Buggenhout's assemblages and installations become suddenly legible as dark moments of a constantly changing repetition, that as in nature could also take place in human culture and civilization. Buggenhout works systematically and over the long term on several consistent series that are best identified by the materials used. They are impossible to describe exhaustively in formal terms due to their amorphous complexity. Their titles are each taken from parables, myths, or motifs in which perception is delayed, negated, or mirrored. Different ways of reading the world illustrate the tense relationship between the visible and the utterable, and ultimately between the artwork and the word.

 

In terms of art history, Buggenhout developed his sculptural work from post-minimalism, overcoming an essentialist understanding of art.
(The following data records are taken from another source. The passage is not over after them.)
(* Assume Assumption A1 and let $I\subset\mathbb{R}$ be a bounded Borel set. Then for every $\varepsilon>0$ there exist $s_\varepsilon\in(0,1/2)$ and $L_\varepsilon\in\mathbb{N}$ such that for all $s\in(0,s_\varepsilon)$, $E\in I$, $L\ge L_\varepsilon$, and $x\in\mathcal{T}_L$ with $\mathrm{dist}(0,x)\ge L_\varepsilon$, $$\ln\mathbb{E}\big[|\langle\delta_0,(H_{\mathcal{T}_L}-E)^{-1}\delta_x\rangle|^s\big]\le\varepsilon\,\mathrm{dist}(0,x)+s\,\mathbb{E}\big[\ln|\langle\delta_0,(H_{\mathcal{T}_L}-E)^{-1}\delta_x\rangle|\big].$$
   Context: $\mathcal{T}$ is the rooted tree in which every vertex has $K\ge2$ neighbors away from the root $0$; $\mathcal{T}_L=\{x:\mathrm{dist}(0,x)\le L\}$. $H_{\mathcal{T}_L}=A+V+B$ on $\ell^2(\mathcal{T}_L)$ with $A$ the adjacency operator, $V$ multiplication by i.i.d. random $\omega_x$, $B$ multiplication by a fixed $b\in\mathbb{R}$ on $\{x:\mathrm{dist}(0,x)=L\}$. Assumption A1: the single-site distribution has a bounded density $\varrho$ with $\int|\omega|^\tau\varrho\,d\omega<\infty$ for some $\tau>0$. *)

theory Defs
  imports "HOL-Probability.Probability"
begin

text \<open>Vertices of the rooted tree with K children per vertex: words over {0..<K};
  the root 0 is the empty word, the children of x are i # x (i < K),
  and dist(0,x) = length x.\<close>

definition tree_ball :: "nat \<Rightarrow> nat \<Rightarrow> nat list set" where
  "tree_ball K L = {xs. set xs \<subseteq> {..<K} \<and> length xs \<le> L}"

definition tree_adj :: "nat list \<Rightarrow> nat list \<Rightarrow> bool" where
  "tree_adj x y \<longleftrightarrow> (\<exists>i. y = i # x \<or> x = i # y)"

definition tree_dist0 :: "nat list \<Rightarrow> nat" where
  "tree_dist0 x = length x"

definition ham :: "nat \<Rightarrow> nat \<Rightarrow> real \<Rightarrow> (nat list \<Rightarrow> real) \<Rightarrow> (nat list \<Rightarrow> real) \<Rightarrow> nat list \<Rightarrow> real" where
  "ham K L b \<omega> \<psi> y =
     (\<Sum>z\<in>tree_ball K L. if tree_adj y z then \<psi> z else 0)
     + \<omega> y * \<psi> y + (if tree_dist0 y = L then b * \<psi> y else 0)"

text \<open>Green function  < delta_0, (H - E)^{-1} delta_x >  : the value at the root of the
  unique solution psi (supported on T_L) of (H - E) psi = delta_x.\<close>
definition green :: "nat \<Rightarrow> nat \<Rightarrow> real \<Rightarrow> (nat list \<Rightarrow> real) \<Rightarrow> real \<Rightarrow> nat list \<Rightarrow> real" where
  "green K L b \<omega> E x =
     (THE \<psi>. (\<forall>y. y \<notin> tree_ball K L \<longrightarrow> \<psi> y = 0) \<and>
             (\<forall>y\<in>tree_ball K L. ham K L b \<omega> \<psi> y - E * \<psi> y = (if y = x then 1 else 0))) []"
section \<open>The loop invariant\<close>

lemma card_image_Un_of_card_le_1:
  assumes "finite A" "finite B" "card A \<le> 1" "card B \<le> 1"
    and distinct: "\<forall>a\<in>A. \<forall>b\<in>B. f a \<noteq> f b"
  shows "card (f ` (A \<union> B)) = card A + card B"
proof -
  have "inj_on f A" "inj_on f B"
    using assms(1-4) by (auto simp: card_le_Suc0_iff_eq intro: inj_onI)
  moreover have "f ` A \<inter> f ` B = {}"
    using distinct by blast
  ultimately show ?thesis
    using assms(1,2) by (simp add: image_Un card_Un_disjoint card_image)
qed

lemma card_le_of_subset_Un_Times:
  assumes "finite A" "finite P" "finite Q" and "B \<subseteq> A \<union> {s} \<times> P \<union> {t} \<times> Q"
  shows "card B \<le> card A + (card P + card Q)"
proof -
  have "card B \<le> card (A \<union> {s} \<times> P \<union> {t} \<times> Q)"
    using assms by (intro card_mono) auto
  also have "\<dots> \<le> card A + card ({s} \<times> P) + card ({t} \<times> Q)"
    by (meson card_Un_le add_right_mono order_trans)
  finally show ?thesis
    by (simp add: card_cartesian_product_singleton)
qed

text \<open>\<open>P\<close> is the partner of \<open>x\<close>: the vertex of \<open>W\<close> it is paired with, or \<open>x\<close> itself if it
  already lies in \<open>W\<close>; it is empty if \<open>x\<close> is a new vertex of \<open>W\<close>.\<close>

lemma handle_terminal_effect:
  assumes step: "handle_terminal E c r x (Sf, W) (Sf', W')" and "0 \<le> r" and "finite W"
  obtains P where "P \<subseteq> W" "card P \<le> 1" "card W' + card P = card W + 1"
    "W \<subseteq> W'" "W' \<subseteq> insert x W" "Sf \<subseteq> Sf'" "Sf' \<subseteq> Sf \<union> {x} \<times> P"
    "\<forall>p\<in>P. contr_dist E c {} x p \<le> ereal r \<and> (p = x \<or> (x, p) \<in> Sf')"
proof -
  consider (close) w where "w \<in> W" "contr_dist E c {} x w < ereal r"
      "Sf' = insert (x, w) Sf" "W' = W"
    | (new) "Sf' = Sf" "W' = insert x W"
    using step unfolding handle_terminal_def by auto
  then show ?thesis
  proof cases
    case close
    then show ?thesis
      by (intro that[of "{w}"]) auto
  next
    case new
    show ?thesis
    proof (cases "x \<in> W")
      case True
      have "contr_dist E c {} x x \<le> ereal r"
        using contr_dist_self[of E c "{}" x] \<open>0 \<le> r\<close> by (simp add: order_trans)
      with True new show ?thesis
        by (intro that[of "{x}"]) (auto simp: insert_absorb)
    next
      case False
      with new \<open>finite W\<close> show ?thesis
        by (intro that[of "{}"]) auto
    qed
  qed
qed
Minimal art sought to reach a final point by using industrial forms of production, materials, and surfaces that present themselves as hermetically sealed and adapt spatially to architecture. Despite thematic and geometric reduction, minimalism was shaped by a great deal of theatricality and consciousness of form; despite all the contrasts, this links Buggenhout's work to this important historical position. But minimal art differs in its hermetic self-referentiality, accompanied by loquacious theoretical pronouncements. For Buggenhout creates an oeuvre that is highly suggestive in which a nameless world of destructive and yet creative potential emerges. As he put it, "The world becomes brutally present when deprived of the comforting words that grant us the illusion of understanding that which surrounds us. My work is brutally present and I give no credence to words. (They play games with us)".